Gwennap Pit, tucked away in the quiet lanes between Redruth and the former mining villages of Carharrack and St Day, is a trim and neatly circular grassy ampitheatre. It wasn’t always so. It took on its present form in 1807, when local Methodists reconstructed it as their own outdoor cathedral. Before then, the site was a chaotic cavity, a large disorderly pit squeezed between stony mine burrows and smoking engine houses, through which the lane from Redruth to Carharrack meandered.
However, this chasm provided a perfect location in which to address large crowds. And this is what John Wesley began to do in the later eighteenth century. Wesley made his first journey to Cornwall in 1743. He then visited Cornwall almost annually until his death in 1791, making his last visit to the Pit in 1789. His simple message of salvation through faith struck an immediate chord among a population seeking consolation in a world that was rapidly changing. The growth of copper mines, the prosperity of which flowed from anonymous and unpredictable price movements, added new uncertainties to the more familiar foes of weather and disease. People increasingly dependent on the mine for their wages sought spiritual solace in Wesley’s preaching.

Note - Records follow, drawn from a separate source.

lemma second_difference_mean_value:
  fixes g :: "'a::real_normed_vector \<Rightarrow> real"
  assumes t: "0 < t" and reg: "\<And>s \<tau>. s \<in> {0..t} \<Longrightarrow> \<tau> \<in> {0..t} \<Longrightarrow> u + s *\<^sub>R v + \<tau> *\<^sub>R w \<in> U"
    and dg: "\<And>x. x \<in> U \<Longrightarrow> (g has_derivative g' x) (at x)"
    and dg1: "\<And>x. x \<in> U \<Longrightarrow> ((\<lambda>y. g' y v) has_derivative h2 x) (at x)"
  shows "\<exists>s\<in>{0..t}. \<exists>\<tau>\<in>{0..t}. g (u + t *\<^sub>R v + t *\<^sub>R w) - g (u + t *\<^sub>R v) - g (u + t *\<^sub>R w) + g u
          = t * t * h2 (u + s *\<^sub>R v + \<tau> *\<^sub>R w) w"
proof -
  define \<psi> where "\<psi> s = g ((u + t *\<^sub>R w) + s *\<^sub>R v) - g (u + s *\<^sub>R v)" for s
  have in1: "(u + t *\<^sub>R w) + s *\<^sub>R v \<in> U" if "s \<in> {0..t}" for s
    using reg[OF that, of t] t by (simp add: algebra_simps)
  have in2: "u + s *\<^sub>R v \<in> U" if "s \<in> {0..t}" for s
    using reg[OF that, of 0] t by simp
  have "\<exists>\<sigma>\<in>{0..t}. \<psi> t - \<psi> 0 = (\<lambda>h. h * (g' ((u + t *\<^sub>R w) + \<sigma> *\<^sub>R v) v - g' (u + \<sigma> *\<^sub>R v) v)) (t - 0)"
  proof (rule mvt_very_simple)
    show "0 \<le> t" using t by simp
    fix s assume "0 \<le> s" "s \<le> t"
    then have s: "s \<in> {0..t}" by simp
    have a: "((\<lambda>s. g ((u + t *\<^sub>R w) + s *\<^sub>R v)) has_derivative (\<lambda>h. h * g' ((u + t *\<^sub>R w) + s *\<^sub>R v) v)) (at s within {0..t})"
      by (rule has_derivative_along_line) (rule dg[OF in1[OF s]])
    have b: "((\<lambda>s. g (u + s *\<^sub>R v)) has_derivative (\<lambda>h. h * g' (u + s *\<^sub>R v) v)) (at s within {0..t})"
      by (rule has_derivative_along_line) (rule dg[OF in2[OF s]])
    show "(\<psi> has_derivative (\<lambda>h. h * (g' ((u + t *\<^sub>R w) + s *\<^sub>R v) v - g' (u + s *\<^sub>R v) v))) (at s within {0..t})"
      unfolding \<psi>_def using has_derivative_diff[OF a b] by (simp add: algebra_simps)
  qed
  then obtain \<sigma> where \<sigma>: "\<sigma> \<in> {0..t}" and e1: "\<psi> t - \<psi> 0 = t * (g' ((u + t *\<^sub>R w) + \<sigma> *\<^sub>R v) v - g' (u + \<sigma> *\<^sub>R v) v)"
    by auto
  define ch where "ch \<tau> = g' ((u + \<sigma> *\<^sub>R v) + \<tau> *\<^sub>R w) v" for \<tau>
  have in3: "(u + \<sigma> *\<^sub>R v) + \<tau> *\<^sub>R w \<in> U" if "\<tau> \<in> {0..t}" for \<tau>
    using reg[OF \<sigma> that] by (simp add: algebra_simps)
  have "\<exists>\<tau>\<in>{0..t}. ch t - ch 0 = (\<lambda>h. h * h2 ((u + \<sigma> *\<^sub>R v) + \<tau> *\<^sub>R w) w) (t - 0)"
  proof (rule mvt_very_simple)
    show "0 \<le> t" using t by simp
    fix s assume "0 \<le> s" "s \<le> t"
    then have s: "s \<in> {0..t}" by simp
    show "(ch has_derivative (\<lambda>h. h * h2 ((u + \<sigma> *\<^sub>R v) + s *\<^sub>R w) w)) (at s within {0..t})"
      unfolding ch_def by (rule has_derivative_along_line[where g="\<lambda>y. g' y v"]) (rule dg1[OF in3[OF s]])
  qed
  then obtain \<tau> where \<tau>: "\<tau> \<in> {0..t}" and e2: "ch t - ch 0 = t * h2 ((u + \<sigma> *\<^sub>R v) + \<tau> *\<^sub>R w) w"
    by auto
  have "g (u + t *\<^sub>R v + t *\<^sub>R w) - g (u + t *\<^sub>R v) - g (u + t *\<^sub>R w) + g u = \<psi> t - \<psi> 0"
    by (simp add: \<psi>_def algebra_simps)
  also have "\<dots> = t * (ch t - ch 0)" using e1 by (simp add: ch_def algebra_simps)
  also have "\<dots> = t * t * h2 (u + \<sigma> *\<^sub>R v + \<tau> *\<^sub>R w) w" using e2 by (simp add: algebra_simps)
  finally show ?thesis using \<sigma> \<tau> by blast
qed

In England, Methodism grew slowly in the late eighteenth and early nineteenth century through the teaching of devoted converts to small groups in barns and houses. In contrast, in Cornwall Methodism grew in sudden spurts of excitable revivalism. These usually involved emotional outdoor mass meetings, accompanied by histrionic moanings and hot fanaticism. Gwennap Pit, now so calm and orderly, is in fact a monument to that earthier, more basic, more public and primitive Methodism in Cornwall – appealing to passion as much as reason.

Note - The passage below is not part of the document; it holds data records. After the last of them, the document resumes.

(* Let $\rho>0$, $v\in[0,1]$ and $(l,m,n)\in\mathbb{Z}_+^3$ with $n+\min\{l,m\}\ge1$. Then $\mathbb{E}_{l,m,n,0}[v^{s(\tau)}]=\mathbb{E}_{l,m,n,0}\Bigl[\exp\Bigl\{-\frac{\rho(1-v)}{2}\int_0^{\tau_v}c_v(u)\,du\Bigr\}\Bigr]$, where $\tau=\inf\{s\ge0:(a(s),b(s),c(s))\in\mathcal S\}$, $\tau_v=\inf\{s\ge0:(a_v(s),b_v(s),c_v(s))\in\mathcal S\}$ and $\mathcal S=\{(0,0,1),(1,1,0)\}$.
   Context: The ancestral chain $(a(t),b(t),c(t))$ with parameter $\rho$ is the continuous-time Markov chain on $\mathbb{Z}_+^3\setminus\{\mathbf 0\}$ which from $(a,b,c)$ jumps to $(a+1,b+1,c-1)$ at rate $c\rho/2$ (a recombination event), to $(a-1,b-1,c+1)$ at rate $ab$, to $(a-1,b,c)$ at rate $ac+a(a-1)/2$, to $(a,b-1,c)$ at rate $bc+b(b-1)/2$, and to $(a,b,c-1)$ at rate $c(c-1)/2$. $s(t)$ is the number of recombination jumps in $(0,t)$; $\mathbb{E}_{l,m,n,0}$ denotes expectation with initial state $(l,m,n)$ and $s(0)=0$. $(a_v,b_v,c_v)$ denotes the same chain with $\rho$ replaced by $v\rho$, started at $(l,m,n)$. *)

theory Defs
  imports "HOL-Probability.Probability"
begin

text \<open>
  The ancestral chain is realised pathwise, in the standard way, from an i.i.d. sequence
  of pairs (E_k, U_k) with E_k ~ Exp(1) and U_k ~ Uniform[0,1] (independent):
  the jump chain moves from state x to target y with probability rate(x,y)/q(x),
  using U_k; the holding time in the k-th state is E_k / q(x) (Exp(q(x))).
  A state with total rate q(x) = 0 is absorbing (the chain stays there forever).
\<close>

type_synonym state = "nat \<times> nat \<times> nat"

My grandmother and great grandparents, from Manchester, were primitive methodists. My great grandmother (Effie, who I only recall having met once in the 1970s) worked in the cotton mills. Despite ten hours days she took an evening course in needlework and later married a man of similar aspiration, Thomas Wolstenholme (who grew up in a mining family – many of his direct relatives,uncles etc, were killed in mine accidents and I understand all too well why he wanted out). In time they became wealthy people, at least for some of the time.

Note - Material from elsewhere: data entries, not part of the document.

(* For $k \in \mathbb{N}_0$ and $N \in \mathbb{N}$ (with the convention that $(-1)!!=1$) it holds that \begin{equation*} \lim_{t \searrow 0} \frac{1}{t^k} G^{N,1}_{1,N} \left(\frac{1}{2^N t} \Bigg| \begin{matrix} 1-k \\ 1/2,1/2, \dots, 1/2 \end{matrix} \right) = \left[\sqrt{\pi}(2k-1)!!\right]^N. \end{equation*}
   Context: $n!!$ denotes the double factorial $n(n-2)(n-4)\cdots$. $G_{p,q}^{m,n}\left(z \Big| \begin{matrix} a_1,\ldots, a_p \\ b_1,\ldots, b_q\end{matrix}\right)$ is the Meijer G-function, defined by the contour integral $\frac{1}{2\pi \mathrm{i}} \int_{\mathcal{L}} \frac{\prod_{j=1}^m \Gamma(b_j+s) \prod_{i=1}^n \Gamma(1-a_i-s)}{\prod_{i=n+1}^p \Gamma(a_i+s) \prod_{j=m+1}^q \Gamma(1-b_j-s)} z^{-s} \, \mathrm{d} s$ over a contour $\mathcal{L}$ separating the poles of the $\Gamma(b_j+s)$ from those of the $\Gamma(1-a_i-s)$. It is derived from the fact that, for $Y=\prod_{i=1}^N g_i^2$ with $g_i$ iid standard Gaussian, $\mathbb{E}\, \mathrm{e}^{-tY} = \pi^{-N/2} G^{N,1}_{1,N}\left(\frac{1}{2^N t} \Big| \begin{matrix} 1 \\ 1/2,\dots,1/2\end{matrix}\right)$ for $t>0$ and $\mathbb{E}[Y^k]=[(2k-1)!!]^N$. *)

theory Defs
  imports "HOL-Analysis.Analysis"
begin

text \<open>Double factorial n!! = n (n-2) (n-4) ..., with 0!! = 1!! = 1.
  Since nat subtraction truncates, dfact (2*0 - 1) = dfact 0 = 1,
  which realises the convention (-1)!! = 1.\<close>
fun dfact :: "nat \<Rightarrow> nat" where
  "dfact 0 = 1"
| "dfact (Suc 0) = 1"
| "dfact (Suc (Suc n)) = Suc (Suc n) * dfact n"

text \<open>Meijer G-function G^{m,n}_{p,q}(z | a_1..a_p ; b_1..b_q) for real z > 0,
  given by the contour integral (1/(2 pi i)) \<integral>_L ... z^(-s) ds where the contour L
  is the vertical line Re s = c (traversed upwards), s = c + i y.
  Parameters are indexed from 0: a 0, ..., a (p-1) and b 0, ..., b (q-1).
  With s = c + i y we have ds = i dy, so the prefactor becomes 1/(2 pi).\<close>
definition meijerG_line ::
  "nat \<Rightarrow> nat \<Rightarrow> nat \<Rightarrow> nat \<Rightarrow> (nat \<Rightarrow> complex) \<Rightarrow> (nat \<Rightarrow> complex) \<Rightarrow> real \<Rightarrow> real \<Rightarrow> complex"
  where
  "meijerG_line m n p q a b c z =
     (LINT y|lborel.
        (let s = Complex c y in
          (\<Prod>j<m. Gamma (b j + s)) * (\<Prod>i<n. Gamma (1 - a i - s))
          * (\<Prod>i\<in>{n..<p}. rGamma (a i + s)) * (\<Prod>j\<in>{m..<q}. rGamma (1 - b j - s))
          * complex_of_real z powr (- s)))
     / complex_of_real (2 * pi)"

end

theory Submission
  imports Defs "HOL-Complex_Analysis.Complex_Analysis" "HOL-Probability.Sinc_Integral"
begin

text \<open>
  With w = 2^N t, the integrand of the Meijer G-function on the line Re s = c equals
  -H(s)/(s - k), where H(s) = \<Gamma>(1/2 + s)^N \<Gamma>(k + 1 - s) w^s
  (\<open>meijer_numerator\<close>) is holomorphic on the strip -1/2 < Re s < k + 1.
  Moving the line of integration across the simple pole s = k to Re s = k + 1/2
  picks up the residue H(k) = \<Gamma>(k + 1/2)^N w^k = [\<surd>\<pi> (2k-1)!!]^N t^k, while the
  integral over the new line is O(w^(k+1/2)) = O(t^(k+1/2)), hence o(t^k).
  The shift is legitimate because |\<Gamma>(z)| \<le> \<Gamma>(Re z) makes H(s)/(s - k) decay like
  |s - k|^-2 uniformly in the strip, so the horizontal sides of the rectangles vanish.
\<close>

lemma pochhammer_Re_le_norm_pochhammer:
  fixes z :: complex
  assumes "Re z > 0"
  shows "pochhammer (Re z) n \<le> norm (pochhammer z n)"
proof -
  have "pochhammer (Re z) n = (\<Prod>i<n. Re (z + of_nat i))"
    by (simp add: pochhammer_prod atLeast0LessThan)
  also have "\<dots> \<le> (\<Prod>i<n. norm (z + of_nat i))"
    using assms complex_Re_le_cmod[of "z + of_nat _"] by (intro prod_mono) auto
  also have "\<dots> = norm (pochhammer z n)"
    by (simp add: pochhammer_prod prod_norm atLeast0LessThan)
  finally show ?thesis .
qed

Thomas and Effie were the parents of my gran, of course, and also Kenneth Wolstenholme (football commentator – they think its all over). I don’t associate them with fervency at all, but rather measured, careful, quiet lives. Effie spent much of her life creating support in Manchester for primitive methodism (and then methodism when primitive methodism closed down). Primitive methodism especially was open to women as preachers and very important to the incredibly poor working class in the C19.